STUDY MATERIAL: Begin
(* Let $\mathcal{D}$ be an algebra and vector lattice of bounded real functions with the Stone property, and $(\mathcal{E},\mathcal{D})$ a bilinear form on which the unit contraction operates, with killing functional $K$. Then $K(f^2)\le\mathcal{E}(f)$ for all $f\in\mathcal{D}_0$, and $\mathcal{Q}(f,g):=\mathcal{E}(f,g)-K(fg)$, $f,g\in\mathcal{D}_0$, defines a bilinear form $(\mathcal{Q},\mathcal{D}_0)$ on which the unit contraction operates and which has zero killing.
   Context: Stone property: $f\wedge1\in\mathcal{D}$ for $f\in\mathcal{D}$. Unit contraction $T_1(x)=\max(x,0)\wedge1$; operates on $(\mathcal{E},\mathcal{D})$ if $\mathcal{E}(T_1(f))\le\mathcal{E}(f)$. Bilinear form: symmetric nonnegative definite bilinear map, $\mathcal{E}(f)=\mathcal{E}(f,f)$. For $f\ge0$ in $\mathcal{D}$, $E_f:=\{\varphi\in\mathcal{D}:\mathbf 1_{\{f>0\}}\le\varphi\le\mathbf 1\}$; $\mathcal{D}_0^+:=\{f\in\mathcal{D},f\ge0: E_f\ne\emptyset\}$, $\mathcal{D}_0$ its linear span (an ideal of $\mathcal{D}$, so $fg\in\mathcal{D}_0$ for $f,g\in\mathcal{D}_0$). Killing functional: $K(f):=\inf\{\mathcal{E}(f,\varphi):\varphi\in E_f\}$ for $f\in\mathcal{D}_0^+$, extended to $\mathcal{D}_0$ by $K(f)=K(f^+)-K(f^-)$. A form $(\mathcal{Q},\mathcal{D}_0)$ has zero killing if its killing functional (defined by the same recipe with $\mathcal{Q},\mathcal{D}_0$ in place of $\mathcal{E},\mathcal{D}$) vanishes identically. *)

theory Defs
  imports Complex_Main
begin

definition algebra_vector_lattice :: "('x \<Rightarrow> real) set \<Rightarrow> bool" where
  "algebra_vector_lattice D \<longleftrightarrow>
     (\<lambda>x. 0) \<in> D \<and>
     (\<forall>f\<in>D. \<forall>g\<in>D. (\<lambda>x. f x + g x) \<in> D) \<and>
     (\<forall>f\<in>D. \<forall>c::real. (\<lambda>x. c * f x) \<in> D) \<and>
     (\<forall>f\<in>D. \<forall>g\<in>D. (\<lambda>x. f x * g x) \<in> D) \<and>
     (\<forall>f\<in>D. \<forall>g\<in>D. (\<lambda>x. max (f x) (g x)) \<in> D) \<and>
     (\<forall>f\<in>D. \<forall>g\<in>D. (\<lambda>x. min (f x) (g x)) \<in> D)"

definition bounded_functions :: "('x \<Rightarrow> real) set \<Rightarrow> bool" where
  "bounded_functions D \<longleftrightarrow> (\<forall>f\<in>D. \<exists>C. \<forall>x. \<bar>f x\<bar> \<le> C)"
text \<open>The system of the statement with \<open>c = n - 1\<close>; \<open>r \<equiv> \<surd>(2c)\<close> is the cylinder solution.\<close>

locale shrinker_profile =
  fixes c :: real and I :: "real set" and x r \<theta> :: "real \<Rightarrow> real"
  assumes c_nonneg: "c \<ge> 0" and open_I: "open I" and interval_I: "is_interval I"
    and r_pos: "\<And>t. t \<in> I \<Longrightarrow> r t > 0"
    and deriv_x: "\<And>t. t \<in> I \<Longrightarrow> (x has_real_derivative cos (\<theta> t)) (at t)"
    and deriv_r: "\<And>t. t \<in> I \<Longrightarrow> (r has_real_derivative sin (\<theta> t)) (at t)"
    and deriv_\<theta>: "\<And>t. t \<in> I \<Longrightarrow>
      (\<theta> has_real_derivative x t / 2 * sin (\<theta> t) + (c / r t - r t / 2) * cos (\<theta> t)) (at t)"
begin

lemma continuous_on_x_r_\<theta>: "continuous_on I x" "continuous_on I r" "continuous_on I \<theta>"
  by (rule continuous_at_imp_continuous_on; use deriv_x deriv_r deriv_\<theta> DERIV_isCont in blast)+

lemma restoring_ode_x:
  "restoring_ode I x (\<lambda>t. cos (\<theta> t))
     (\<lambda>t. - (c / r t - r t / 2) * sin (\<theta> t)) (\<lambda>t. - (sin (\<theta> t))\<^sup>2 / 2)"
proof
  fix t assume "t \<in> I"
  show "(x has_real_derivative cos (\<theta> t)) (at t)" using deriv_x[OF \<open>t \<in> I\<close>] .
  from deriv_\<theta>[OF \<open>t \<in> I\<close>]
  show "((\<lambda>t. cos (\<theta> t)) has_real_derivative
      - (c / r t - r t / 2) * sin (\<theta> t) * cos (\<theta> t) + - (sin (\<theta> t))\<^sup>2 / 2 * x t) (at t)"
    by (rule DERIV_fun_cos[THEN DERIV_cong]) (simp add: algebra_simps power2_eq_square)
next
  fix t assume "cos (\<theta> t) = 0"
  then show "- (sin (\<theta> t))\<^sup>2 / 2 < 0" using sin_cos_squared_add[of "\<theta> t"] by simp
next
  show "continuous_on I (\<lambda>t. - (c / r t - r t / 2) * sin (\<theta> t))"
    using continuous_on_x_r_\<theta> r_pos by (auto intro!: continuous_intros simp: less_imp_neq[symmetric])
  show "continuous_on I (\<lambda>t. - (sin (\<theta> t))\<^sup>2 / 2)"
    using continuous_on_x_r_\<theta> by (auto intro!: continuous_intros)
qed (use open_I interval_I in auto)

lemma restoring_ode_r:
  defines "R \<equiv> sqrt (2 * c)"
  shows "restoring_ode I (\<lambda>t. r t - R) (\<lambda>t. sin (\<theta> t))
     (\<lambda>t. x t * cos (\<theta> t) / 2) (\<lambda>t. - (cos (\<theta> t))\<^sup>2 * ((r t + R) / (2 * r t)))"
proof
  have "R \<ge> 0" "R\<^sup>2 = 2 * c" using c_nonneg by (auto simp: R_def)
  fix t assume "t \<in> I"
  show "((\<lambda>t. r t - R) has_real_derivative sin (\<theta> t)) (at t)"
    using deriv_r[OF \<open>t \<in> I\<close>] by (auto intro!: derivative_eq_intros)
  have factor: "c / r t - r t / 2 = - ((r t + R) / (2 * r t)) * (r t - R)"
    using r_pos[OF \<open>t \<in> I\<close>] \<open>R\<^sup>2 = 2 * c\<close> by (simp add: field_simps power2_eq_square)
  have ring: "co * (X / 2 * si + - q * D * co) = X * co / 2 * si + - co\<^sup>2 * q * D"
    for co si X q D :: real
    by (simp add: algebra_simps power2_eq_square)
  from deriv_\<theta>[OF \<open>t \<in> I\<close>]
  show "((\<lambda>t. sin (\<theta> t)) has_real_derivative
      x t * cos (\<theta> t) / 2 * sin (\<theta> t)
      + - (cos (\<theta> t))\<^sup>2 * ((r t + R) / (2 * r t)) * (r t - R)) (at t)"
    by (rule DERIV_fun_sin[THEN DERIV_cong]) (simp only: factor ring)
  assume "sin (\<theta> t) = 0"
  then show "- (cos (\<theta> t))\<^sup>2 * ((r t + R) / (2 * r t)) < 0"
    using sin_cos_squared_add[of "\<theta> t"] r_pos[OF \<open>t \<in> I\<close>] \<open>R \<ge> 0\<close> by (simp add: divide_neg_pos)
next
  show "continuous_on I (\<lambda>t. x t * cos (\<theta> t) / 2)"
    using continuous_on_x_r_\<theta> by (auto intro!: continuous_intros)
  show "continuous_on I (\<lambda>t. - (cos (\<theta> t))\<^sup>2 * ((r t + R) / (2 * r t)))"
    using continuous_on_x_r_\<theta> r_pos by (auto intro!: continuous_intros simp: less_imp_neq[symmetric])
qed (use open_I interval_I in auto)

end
STUDY MATERIAL: End
STUDY MATERIAL: Begin
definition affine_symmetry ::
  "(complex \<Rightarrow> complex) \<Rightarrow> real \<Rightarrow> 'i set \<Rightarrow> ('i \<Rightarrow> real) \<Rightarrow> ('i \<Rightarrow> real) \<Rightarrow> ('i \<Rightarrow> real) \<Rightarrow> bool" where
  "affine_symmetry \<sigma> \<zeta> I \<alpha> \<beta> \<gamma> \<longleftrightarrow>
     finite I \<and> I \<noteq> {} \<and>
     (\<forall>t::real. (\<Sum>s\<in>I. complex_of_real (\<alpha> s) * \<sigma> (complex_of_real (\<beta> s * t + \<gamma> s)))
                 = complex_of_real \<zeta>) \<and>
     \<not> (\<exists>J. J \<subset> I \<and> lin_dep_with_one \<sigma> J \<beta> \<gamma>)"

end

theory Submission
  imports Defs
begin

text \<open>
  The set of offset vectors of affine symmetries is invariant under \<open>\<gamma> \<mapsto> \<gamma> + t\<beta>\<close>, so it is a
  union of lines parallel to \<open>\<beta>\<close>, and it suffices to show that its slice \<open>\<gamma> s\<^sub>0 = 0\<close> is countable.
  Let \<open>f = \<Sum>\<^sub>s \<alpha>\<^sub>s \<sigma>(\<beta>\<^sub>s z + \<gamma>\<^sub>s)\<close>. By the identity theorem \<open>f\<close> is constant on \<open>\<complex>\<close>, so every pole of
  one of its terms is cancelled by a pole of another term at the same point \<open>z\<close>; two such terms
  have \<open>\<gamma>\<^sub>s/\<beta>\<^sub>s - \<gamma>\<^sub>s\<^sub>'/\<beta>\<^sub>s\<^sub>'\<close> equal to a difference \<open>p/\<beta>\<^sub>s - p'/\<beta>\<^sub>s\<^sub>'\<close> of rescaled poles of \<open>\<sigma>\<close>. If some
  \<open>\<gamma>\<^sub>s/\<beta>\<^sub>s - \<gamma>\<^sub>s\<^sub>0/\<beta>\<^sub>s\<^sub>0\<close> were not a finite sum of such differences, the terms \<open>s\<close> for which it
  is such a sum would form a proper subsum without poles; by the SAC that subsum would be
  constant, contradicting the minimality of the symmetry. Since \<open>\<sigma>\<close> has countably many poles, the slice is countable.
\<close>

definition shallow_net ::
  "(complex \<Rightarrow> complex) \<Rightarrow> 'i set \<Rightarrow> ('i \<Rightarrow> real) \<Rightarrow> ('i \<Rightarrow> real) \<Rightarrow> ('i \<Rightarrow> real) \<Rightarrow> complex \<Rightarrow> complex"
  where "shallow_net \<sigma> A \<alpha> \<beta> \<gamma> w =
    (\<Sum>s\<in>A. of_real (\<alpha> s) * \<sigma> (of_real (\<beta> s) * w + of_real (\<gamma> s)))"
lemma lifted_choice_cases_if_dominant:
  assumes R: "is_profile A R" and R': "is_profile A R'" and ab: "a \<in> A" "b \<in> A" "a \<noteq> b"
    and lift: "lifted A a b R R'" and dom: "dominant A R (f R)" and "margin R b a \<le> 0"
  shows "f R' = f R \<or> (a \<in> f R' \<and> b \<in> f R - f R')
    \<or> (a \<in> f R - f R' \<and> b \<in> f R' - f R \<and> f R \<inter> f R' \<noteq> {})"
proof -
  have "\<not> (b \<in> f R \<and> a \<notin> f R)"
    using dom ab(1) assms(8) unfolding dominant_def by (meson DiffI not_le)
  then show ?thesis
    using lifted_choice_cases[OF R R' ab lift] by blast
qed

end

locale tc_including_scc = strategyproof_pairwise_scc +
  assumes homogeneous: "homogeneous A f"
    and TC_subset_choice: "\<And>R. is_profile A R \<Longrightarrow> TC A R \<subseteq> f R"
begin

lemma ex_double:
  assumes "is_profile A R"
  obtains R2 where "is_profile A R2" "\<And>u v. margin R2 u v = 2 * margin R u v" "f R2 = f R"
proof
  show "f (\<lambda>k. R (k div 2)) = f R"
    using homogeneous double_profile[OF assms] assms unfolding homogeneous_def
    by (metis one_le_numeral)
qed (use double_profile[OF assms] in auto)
STUDY MATERIAL: End
STUDY MATERIAL: Begin
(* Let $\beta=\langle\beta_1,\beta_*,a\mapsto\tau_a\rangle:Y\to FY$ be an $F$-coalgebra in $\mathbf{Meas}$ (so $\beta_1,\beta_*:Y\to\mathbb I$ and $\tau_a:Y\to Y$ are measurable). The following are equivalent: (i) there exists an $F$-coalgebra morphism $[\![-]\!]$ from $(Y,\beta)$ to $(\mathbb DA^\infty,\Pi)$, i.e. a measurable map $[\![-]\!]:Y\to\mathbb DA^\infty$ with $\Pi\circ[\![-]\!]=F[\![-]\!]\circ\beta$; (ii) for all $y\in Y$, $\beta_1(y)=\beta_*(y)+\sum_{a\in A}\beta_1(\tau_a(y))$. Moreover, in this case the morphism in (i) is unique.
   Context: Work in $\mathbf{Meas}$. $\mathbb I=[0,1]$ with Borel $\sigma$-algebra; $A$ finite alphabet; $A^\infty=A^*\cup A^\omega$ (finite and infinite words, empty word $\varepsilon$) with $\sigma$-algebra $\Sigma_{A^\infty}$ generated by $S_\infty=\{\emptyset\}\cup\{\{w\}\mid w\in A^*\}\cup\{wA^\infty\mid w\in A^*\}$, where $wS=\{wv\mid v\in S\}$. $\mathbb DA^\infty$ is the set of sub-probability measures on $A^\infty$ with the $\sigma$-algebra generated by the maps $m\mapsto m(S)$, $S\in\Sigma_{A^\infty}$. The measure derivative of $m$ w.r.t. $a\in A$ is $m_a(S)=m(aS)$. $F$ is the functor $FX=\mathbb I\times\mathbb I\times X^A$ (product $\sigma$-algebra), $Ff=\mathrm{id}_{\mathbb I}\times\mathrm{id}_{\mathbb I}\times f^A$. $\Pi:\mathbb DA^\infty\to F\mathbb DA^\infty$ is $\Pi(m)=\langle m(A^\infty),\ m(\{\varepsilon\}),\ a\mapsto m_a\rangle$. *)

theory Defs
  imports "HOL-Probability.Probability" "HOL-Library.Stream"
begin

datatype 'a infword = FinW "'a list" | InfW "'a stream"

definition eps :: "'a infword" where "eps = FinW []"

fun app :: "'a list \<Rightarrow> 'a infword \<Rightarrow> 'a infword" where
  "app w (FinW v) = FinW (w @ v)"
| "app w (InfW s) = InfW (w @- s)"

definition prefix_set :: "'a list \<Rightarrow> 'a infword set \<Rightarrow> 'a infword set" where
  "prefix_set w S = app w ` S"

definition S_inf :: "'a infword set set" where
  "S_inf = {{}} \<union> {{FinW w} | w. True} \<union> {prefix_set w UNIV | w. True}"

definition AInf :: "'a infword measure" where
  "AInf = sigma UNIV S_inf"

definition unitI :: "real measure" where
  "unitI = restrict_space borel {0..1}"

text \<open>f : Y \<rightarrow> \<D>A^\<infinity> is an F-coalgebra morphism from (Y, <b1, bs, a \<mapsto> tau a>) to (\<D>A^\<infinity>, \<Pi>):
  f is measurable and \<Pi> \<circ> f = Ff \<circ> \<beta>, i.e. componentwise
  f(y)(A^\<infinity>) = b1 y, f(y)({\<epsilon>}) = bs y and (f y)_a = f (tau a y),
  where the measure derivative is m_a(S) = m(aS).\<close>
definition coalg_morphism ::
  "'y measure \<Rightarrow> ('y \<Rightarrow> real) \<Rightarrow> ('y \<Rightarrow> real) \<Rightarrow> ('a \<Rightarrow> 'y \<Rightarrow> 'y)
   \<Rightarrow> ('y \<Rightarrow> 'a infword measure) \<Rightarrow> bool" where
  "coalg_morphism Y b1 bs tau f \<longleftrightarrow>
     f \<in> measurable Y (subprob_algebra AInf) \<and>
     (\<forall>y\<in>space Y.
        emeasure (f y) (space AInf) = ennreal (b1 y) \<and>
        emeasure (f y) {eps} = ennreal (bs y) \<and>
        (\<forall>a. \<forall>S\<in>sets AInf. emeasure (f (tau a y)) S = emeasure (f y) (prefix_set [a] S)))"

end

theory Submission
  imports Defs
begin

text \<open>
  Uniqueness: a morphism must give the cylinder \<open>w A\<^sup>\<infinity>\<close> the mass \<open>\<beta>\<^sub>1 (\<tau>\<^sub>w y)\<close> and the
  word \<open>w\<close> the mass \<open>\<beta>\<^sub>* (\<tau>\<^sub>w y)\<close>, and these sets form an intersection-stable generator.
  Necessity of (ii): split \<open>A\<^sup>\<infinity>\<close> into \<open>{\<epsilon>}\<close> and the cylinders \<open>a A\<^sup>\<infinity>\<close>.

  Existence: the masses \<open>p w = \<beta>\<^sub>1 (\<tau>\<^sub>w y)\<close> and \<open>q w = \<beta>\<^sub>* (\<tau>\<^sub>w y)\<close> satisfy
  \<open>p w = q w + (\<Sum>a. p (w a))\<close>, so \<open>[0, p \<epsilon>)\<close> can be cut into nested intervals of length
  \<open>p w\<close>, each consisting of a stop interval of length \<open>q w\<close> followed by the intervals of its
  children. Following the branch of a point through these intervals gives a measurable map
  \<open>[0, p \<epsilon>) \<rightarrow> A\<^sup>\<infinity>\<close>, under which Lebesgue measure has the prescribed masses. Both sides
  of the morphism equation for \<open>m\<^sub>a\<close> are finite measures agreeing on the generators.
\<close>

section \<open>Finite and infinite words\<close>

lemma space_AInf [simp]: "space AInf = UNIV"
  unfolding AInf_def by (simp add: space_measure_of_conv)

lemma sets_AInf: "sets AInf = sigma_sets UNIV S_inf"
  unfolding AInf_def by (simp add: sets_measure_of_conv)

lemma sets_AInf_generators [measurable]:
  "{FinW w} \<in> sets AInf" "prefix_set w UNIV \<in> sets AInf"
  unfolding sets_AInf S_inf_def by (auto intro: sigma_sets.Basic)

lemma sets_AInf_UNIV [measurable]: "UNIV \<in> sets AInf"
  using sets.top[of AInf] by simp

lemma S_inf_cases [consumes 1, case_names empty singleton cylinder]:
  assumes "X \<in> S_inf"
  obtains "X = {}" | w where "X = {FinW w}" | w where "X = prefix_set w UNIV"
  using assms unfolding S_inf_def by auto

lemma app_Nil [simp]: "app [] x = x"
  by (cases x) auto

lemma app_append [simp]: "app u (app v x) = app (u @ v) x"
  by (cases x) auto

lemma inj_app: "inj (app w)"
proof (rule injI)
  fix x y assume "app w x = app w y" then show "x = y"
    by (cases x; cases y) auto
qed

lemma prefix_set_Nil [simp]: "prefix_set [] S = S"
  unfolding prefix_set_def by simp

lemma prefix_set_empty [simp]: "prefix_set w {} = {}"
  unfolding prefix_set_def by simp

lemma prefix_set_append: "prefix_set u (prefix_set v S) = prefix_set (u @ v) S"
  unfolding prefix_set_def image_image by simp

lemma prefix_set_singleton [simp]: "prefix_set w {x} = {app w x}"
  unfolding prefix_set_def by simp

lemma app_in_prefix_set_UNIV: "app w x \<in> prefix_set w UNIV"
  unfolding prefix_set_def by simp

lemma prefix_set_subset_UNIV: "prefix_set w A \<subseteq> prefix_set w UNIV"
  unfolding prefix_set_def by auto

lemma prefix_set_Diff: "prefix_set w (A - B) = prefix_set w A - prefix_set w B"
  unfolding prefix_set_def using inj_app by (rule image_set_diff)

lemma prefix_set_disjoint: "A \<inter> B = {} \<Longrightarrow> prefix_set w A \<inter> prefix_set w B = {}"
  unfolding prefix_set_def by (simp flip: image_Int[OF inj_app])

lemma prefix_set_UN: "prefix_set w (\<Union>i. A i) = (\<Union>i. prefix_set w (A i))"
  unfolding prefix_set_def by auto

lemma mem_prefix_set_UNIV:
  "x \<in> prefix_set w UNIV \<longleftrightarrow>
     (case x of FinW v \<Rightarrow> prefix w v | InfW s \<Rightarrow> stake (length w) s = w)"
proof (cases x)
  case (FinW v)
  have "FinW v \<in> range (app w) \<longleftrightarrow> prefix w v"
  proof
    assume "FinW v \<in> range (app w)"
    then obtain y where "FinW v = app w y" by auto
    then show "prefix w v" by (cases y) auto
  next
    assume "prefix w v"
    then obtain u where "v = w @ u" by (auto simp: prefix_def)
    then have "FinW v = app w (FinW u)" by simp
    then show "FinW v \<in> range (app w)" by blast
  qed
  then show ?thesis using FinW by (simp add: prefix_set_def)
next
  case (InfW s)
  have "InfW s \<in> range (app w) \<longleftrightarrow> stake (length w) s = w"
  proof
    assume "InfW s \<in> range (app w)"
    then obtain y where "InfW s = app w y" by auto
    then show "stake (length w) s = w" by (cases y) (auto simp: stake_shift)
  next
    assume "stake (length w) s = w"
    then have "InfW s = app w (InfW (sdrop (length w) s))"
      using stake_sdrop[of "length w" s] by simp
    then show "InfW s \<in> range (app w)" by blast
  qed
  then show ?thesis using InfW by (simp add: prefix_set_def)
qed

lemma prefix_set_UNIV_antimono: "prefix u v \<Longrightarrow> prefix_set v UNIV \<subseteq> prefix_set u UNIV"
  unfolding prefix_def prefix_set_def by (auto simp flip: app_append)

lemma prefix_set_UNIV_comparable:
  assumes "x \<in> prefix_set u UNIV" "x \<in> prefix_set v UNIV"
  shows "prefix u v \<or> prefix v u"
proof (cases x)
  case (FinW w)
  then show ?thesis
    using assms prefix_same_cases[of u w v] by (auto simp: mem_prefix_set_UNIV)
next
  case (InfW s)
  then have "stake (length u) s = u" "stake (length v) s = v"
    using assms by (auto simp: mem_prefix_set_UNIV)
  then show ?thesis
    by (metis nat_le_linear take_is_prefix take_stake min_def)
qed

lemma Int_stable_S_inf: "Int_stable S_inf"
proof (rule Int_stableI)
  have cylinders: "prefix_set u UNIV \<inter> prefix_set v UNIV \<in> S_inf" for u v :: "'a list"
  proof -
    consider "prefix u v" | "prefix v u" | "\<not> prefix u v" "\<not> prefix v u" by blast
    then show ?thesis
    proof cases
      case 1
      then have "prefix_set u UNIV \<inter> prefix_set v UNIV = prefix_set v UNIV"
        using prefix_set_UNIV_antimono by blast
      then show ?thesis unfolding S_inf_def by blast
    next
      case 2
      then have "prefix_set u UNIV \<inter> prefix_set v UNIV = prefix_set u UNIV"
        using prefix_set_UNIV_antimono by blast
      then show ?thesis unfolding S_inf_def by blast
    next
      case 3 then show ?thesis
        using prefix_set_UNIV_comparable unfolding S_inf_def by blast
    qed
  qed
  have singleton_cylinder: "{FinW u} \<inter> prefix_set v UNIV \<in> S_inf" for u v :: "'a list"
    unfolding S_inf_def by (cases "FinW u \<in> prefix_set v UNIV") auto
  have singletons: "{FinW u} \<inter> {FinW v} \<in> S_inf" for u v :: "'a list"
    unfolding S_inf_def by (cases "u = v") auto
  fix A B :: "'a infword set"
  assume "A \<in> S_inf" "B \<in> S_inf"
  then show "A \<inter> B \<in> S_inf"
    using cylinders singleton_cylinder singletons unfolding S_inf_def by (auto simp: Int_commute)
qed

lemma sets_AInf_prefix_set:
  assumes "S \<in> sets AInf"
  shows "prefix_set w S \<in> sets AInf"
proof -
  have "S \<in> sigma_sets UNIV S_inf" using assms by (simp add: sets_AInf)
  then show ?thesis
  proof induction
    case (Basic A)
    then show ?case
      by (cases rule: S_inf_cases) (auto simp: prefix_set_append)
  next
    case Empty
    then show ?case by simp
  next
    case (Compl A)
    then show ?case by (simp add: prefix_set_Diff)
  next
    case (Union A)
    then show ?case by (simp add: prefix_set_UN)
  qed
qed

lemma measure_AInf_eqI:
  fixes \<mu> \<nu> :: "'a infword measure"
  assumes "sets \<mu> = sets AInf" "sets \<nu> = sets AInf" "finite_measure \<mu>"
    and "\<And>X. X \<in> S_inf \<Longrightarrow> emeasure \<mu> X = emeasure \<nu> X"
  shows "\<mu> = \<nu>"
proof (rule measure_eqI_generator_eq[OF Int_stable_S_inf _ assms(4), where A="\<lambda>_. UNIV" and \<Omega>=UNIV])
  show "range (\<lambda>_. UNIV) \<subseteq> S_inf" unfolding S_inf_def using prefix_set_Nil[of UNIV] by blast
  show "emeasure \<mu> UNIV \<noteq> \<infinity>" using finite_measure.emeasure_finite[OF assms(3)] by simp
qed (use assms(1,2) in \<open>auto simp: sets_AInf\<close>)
STUDY MATERIAL: End
• WHAT THE TASK ASKS: From the entries above, give again exactly the lines running from the line with "text \<open>The system" to the line with "I (\<lambda>t. - (c /"; include both of those lines.

• WRITTEN ANSWER:
text \<open>The system of the statement with \<open>c = n - 1\<close>; \<open>r \<equiv> \<surd>(2c)\<close> is the cylinder solution.\<close>

locale shrinker_profile =
  fixes c :: real and I :: "real set" and x r \<theta> :: "real \<Rightarrow> real"
  assumes c_nonneg: "c \<ge> 0" and open_I: "open I" and interval_I: "is_interval I"
    and r_pos: "\<And>t. t \<in> I \<Longrightarrow> r t > 0"
    and deriv_x: "\<And>t. t \<in> I \<Longrightarrow> (x has_real_derivative cos (\<theta> t)) (at t)"
    and deriv_r: "\<And>t. t \<in> I \<Longrightarrow> (r has_real_derivative sin (\<theta> t)) (at t)"
    and deriv_\<theta>: "\<And>t. t \<in> I \<Longrightarrow>
      (\<theta> has_real_derivative x t / 2 * sin (\<theta> t) + (c / r t - r t / 2) * cos (\<theta> t)) (at t)"
begin

lemma continuous_on_x_r_\<theta>: "continuous_on I x" "continuous_on I r" "continuous_on I \<theta>"
  by (rule continuous_at_imp_continuous_on; use deriv_x deriv_r deriv_\<theta> DERIV_isCont in blast)+

lemma restoring_ode_x:
  "restoring_ode I x (\<lambda>t. cos (\<theta> t))
     (\<lambda>t. - (c / r t - r t / 2) * sin (\<theta> t)) (\<lambda>t. - (sin (\<theta> t))\<^sup>2 / 2)"
proof
  fix t assume "t \<in> I"
  show "(x has_real_derivative cos (\<theta> t)) (at t)" using deriv_x[OF \<open>t \<in> I\<close>] .
  from deriv_\<theta>[OF \<open>t \<in> I\<close>]
  show "((\<lambda>t. cos (\<theta> t)) has_real_derivative
      - (c / r t - r t / 2) * sin (\<theta> t) * cos (\<theta> t) + - (sin (\<theta> t))\<^sup>2 / 2 * x t) (at t)"
    by (rule DERIV_fun_cos[THEN DERIV_cong]) (simp add: algebra_simps power2_eq_square)
next
  fix t assume "cos (\<theta> t) = 0"
  then show "- (sin (\<theta> t))\<^sup>2 / 2 < 0" using sin_cos_squared_add[of "\<theta> t"] by simp
next
  show "continuous_on I (\<lambda>t. - (c / r t - r t / 2) * sin (\<theta> t))"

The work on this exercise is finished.